Artykuły

Ruch w interesie, interes w ruchu

Petersburg pod czerwoną latarnią

Numer 19.2015
Wieczorami Tania dorabia w petersburskim lupanarze. Wiele dziewczyn skutecznie ukrywa swoją pracę przed partnerami i krewnymi. Wieczorami Tania dorabia w petersburskim lupanarze. Wiele dziewczyn skutecznie ukrywa swoją pracę przed partnerami i krewnymi. CZARNY KOT
Jaki klient, taki burdel. W Petersburgu znajdzie się nawet coś dla biednego imigranta.
Smutny dom uciech jest jednym z kilkunastu należących do tego samego właściciela. Mówią, że to „tania sieciówka”.CZARNY KOT Smutny dom uciech jest jednym z kilkunastu należących do tego samego właściciela. Mówią, że to „tania sieciówka”.
Dwutygodnik Forum

Zatrudniłem się jako wykidajło w burdelu w Petersburgu. Na jedną noc. Przychodzą tu głównie imigranci z Azji Środkowej. Do ich możliwości finansowych dostosowano „menu”: za dwa numerki, laskę i masaż płacą równowartość 25 dolarów. Połowę zabiera burdel, połowę dostają dziewczyny. Klienci z Azji Środkowej chętnie wybierają krajanki – można z nimi pogadać w ojczystym języku.
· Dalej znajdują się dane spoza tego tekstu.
(* Let $\mathcal T$ be an orbital category and $\mathcal C$ a $\mathcal T$-weak indexing system. Then $\mathcal C$ is almost essentially unital if and only if, whenever $S\in\mathcal C_V$ is not isomorphic to $*_V$, we have $V\in\upsilon(\mathcal C)$.
   Context: For a small category $\mathcal T$, $\mathbb F_{\mathcal T}$ is the full subcategory of $\mathrm{Fun}(\mathcal T^{op},\mathrm{Set})$ on finite coproducts of representables; $\mathcal T$ is orbital if $\mathbb F_{\mathcal T}$ has pullbacks. $\mathbb F_V:=\mathbb F_{\mathcal T,/V}$, $*_V$ terminal, $\emptyset_V$ initial; for $U\to V$ in $\mathcal T$, $\mathrm{Res}^V_U$ is pullback and $\mathrm{Ind}^V_U$ postcomposition. A full $\mathcal T$-subcategory $\mathcal C$ assigns isomorphism-closed classes $\mathcal C_V\subseteq\mathrm{Ob}\,\mathbb F_V$ stable under all restrictions. For $S\in\mathbb F_V$ with orbits $U\in\mathrm{Orb}(S)$ and $T_U\in\mathbb F_U$, $\coprod_U^ST_U:=\coprod_U\mathrm{Ind}_U^VT_U$. A $\mathcal T$-weak indexing system is a full $\mathcal T$-subcategory $\mathcal C$ with $\mathcal C_V\neq\emptyset\Rightarrow *_V\in\mathcal C_V$ and closed under $\coprod^S_U T_U$ for $S\in\mathcal C_V$, $T_U\in\mathcal C_U$. It is almost essentially unital if whenever $S\sqcup S'\in\mathcal C_V$ is not isomorphic to $*_V$, we have $S,S'\in\mathcal C_V$. $\upsilon(\mathcal C)=\{V\mid\emptyset_V\in\mathcal C_V\}$. *)

theory Defs
  imports Main
begin

text \<open>A small category T, given by a set of objects, hom-sets, composition
  (cmp g f = g after f) and identities.\<close>
record ('o,'m) cat =
  Ob  :: "'o set"
  Hom :: "'o \<Rightarrow> 'o \<Rightarrow> 'm set"
  cmp :: "'m \<Rightarrow> 'm \<Rightarrow> 'm"
  idt :: "'o \<Rightarrow> 'm"

definition category :: "('o,'m) cat \<Rightarrow> bool" where
  "category T \<longleftrightarrow>
     (\<forall>x\<in>Ob T. idt T x \<in> Hom T x x) \<and>
     (\<forall>x\<in>Ob T. \<forall>y\<in>Ob T. \<forall>z\<in>Ob T. \<forall>f g. f \<in> Hom T x y \<and> g \<in> Hom T y z
          \<longrightarrow> cmp T g f \<in> Hom T x z) \<and>
     (\<forall>x\<in>Ob T. \<forall>y\<in>Ob T. \<forall>f\<in>Hom T x y. cmp T f (idt T x) = f \<and> cmp T (idt T y) f = f) \<and>
     (\<forall>w\<in>Ob T. \<forall>x\<in>Ob T. \<forall>y\<in>Ob T. \<forall>z\<in>Ob T. \<forall>f g h.
          f \<in> Hom T w x \<and> g \<in> Hom T x y \<and> h \<in> Hom T y z
          \<longrightarrow> cmp T h (cmp T g f) = cmp T (cmp T h g) f)"

text \<open>The category F_T of finite coproducts of representables (finite coproduct
  completion of T).  An object is a finite list [U_0,..,U_{n-1}] of objects of T,
  standing for the coproduct of the representables y(U_i).  By Yoneda, a morphism
  from the coproduct of the y(U_i) to the coproduct of the y(W_j) is a pair (phi, alpha)
  with phi i < length of target and alpha i : U_i -> W_{phi i}; two such pairs are
  equal iff they agree on all indices i < length of the source.\<close>
type_synonym 'm fmor = "(nat \<Rightarrow> nat) \<times> (nat \<Rightarrow> 'm)"

definition F_obj :: "('o,'m) cat \<Rightarrow> 'o list \<Rightarrow> bool" where
  "F_obj T xs \<longleftrightarrow> set xs \<subseteq> Ob T"

definition F_hom :: "('o,'m) cat \<Rightarrow> 'o list \<Rightarrow> 'o list \<Rightarrow> 'm fmor \<Rightarrow> bool" where
  "F_hom T xs ys m \<longleftrightarrow>
     (\<forall>i<length xs. fst m i < length ys \<and> snd m i \<in> Hom T (xs!i) (ys!(fst m i)))"

definition F_comp :: "('o,'m) cat \<Rightarrow> 'm fmor \<Rightarrow> 'm fmor \<Rightarrow> 'm fmor" where
  "F_comp T n m = (fst n \<circ> fst m, \<lambda>i. cmp T (snd n (fst m i)) (snd m i))"

definition F_id :: "('o,'m) cat \<Rightarrow> 'o list \<Rightarrow> 'm fmor" where
  "F_id T xs = (id, \<lambda>i. idt T (xs!i))"

definition F_eq :: "'o list \<Rightarrow> 'm fmor \<Rightarrow> 'm fmor \<Rightarrow> bool" where
  "F_eq xs m m' \<longleftrightarrow> (\<forall>i<length xs. fst m i = fst m' i \<and> snd m i = snd m' i)"

definition is_pullback ::
  "('o,'m) cat \<Rightarrow> 'o list \<Rightarrow> 'o list \<Rightarrow> 'o list \<Rightarrow> 'm fmor \<Rightarrow> 'm fmor
     \<Rightarrow> 'o list \<Rightarrow> 'm fmor \<Rightarrow> 'm fmor \<Rightarrow> bool" where
  "is_pullback T xs ys zs f g ps p1 p2 \<longleftrightarrow>
     F_obj T ps \<and> F_hom T ps xs p1 \<and> F_hom T ps ys p2 \<and>
     F_eq ps (F_comp T f p1) (F_comp T g p2) \<and>
     (\<forall>qs q1 q2. F_obj T qs \<and> F_hom T qs xs q1 \<and> F_hom T qs ys q2 \<and>
        F_eq qs (F_comp T f q1) (F_comp T g q2) \<longrightarrow>
        (\<exists>h. F_hom T qs ps h \<and> F_eq qs (F_comp T p1 h) q1 \<and> F_eq qs (F_comp T p2 h) q2 \<and>
           (\<forall>h'. F_hom T qs ps h' \<and> F_eq qs (F_comp T p1 h') q1 \<and> F_eq qs (F_comp T p2 h') q2
              \<longrightarrow> F_eq qs h h')))"

definition orbital :: "('o,'m) cat \<Rightarrow> bool" where
  "orbital T \<longleftrightarrow>
     (\<forall>xs ys zs f g. F_obj T xs \<and> F_obj T ys \<and> F_obj T zs \<and>
        F_hom T xs zs f \<and> F_hom T ys zs g \<longrightarrow> (\<exists>ps p1 p2. is_pullback T xs ys zs f g ps p1 p2))"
Agencja mieści się w zwykłym mieszkaniu. Ma własne wejście od podwórka. Pokoiki oddzielone są przepierzeniami. Przy drzwiach stoi „stelaż socjalny” – herbata ekspresowa, słoik z rozpuszczalną kawą, w lodówce – pojemniczki z jedzeniem, które dziewczyny przynoszą z domu. W przerwie mogą sobie je odgrzać. Jest też prysznic, obok kabiny stoi pralka, która na okrągło pierze ręczniki. Czyste suszą się na drążkach pod sufitem i na kaloryferach.

Dziewczynki, pokaz!

Wieczorem co chwilę wpadają ludzie, którzy pobierają paczki z kolorowymi ulotkami burdelu. Rozklejają je na słupach, w bramach, witrynach sklepowych, wkładają za wycieraczki samochodów. Pracują tak po 12 godzin. Władze miasta próbują walczyć z reklamowaniem domów uciech – np. powlekają rynny specjalną mazią, by uniemożliwić przyklejenie ulotek – ale rezultaty tych akcji są mierne.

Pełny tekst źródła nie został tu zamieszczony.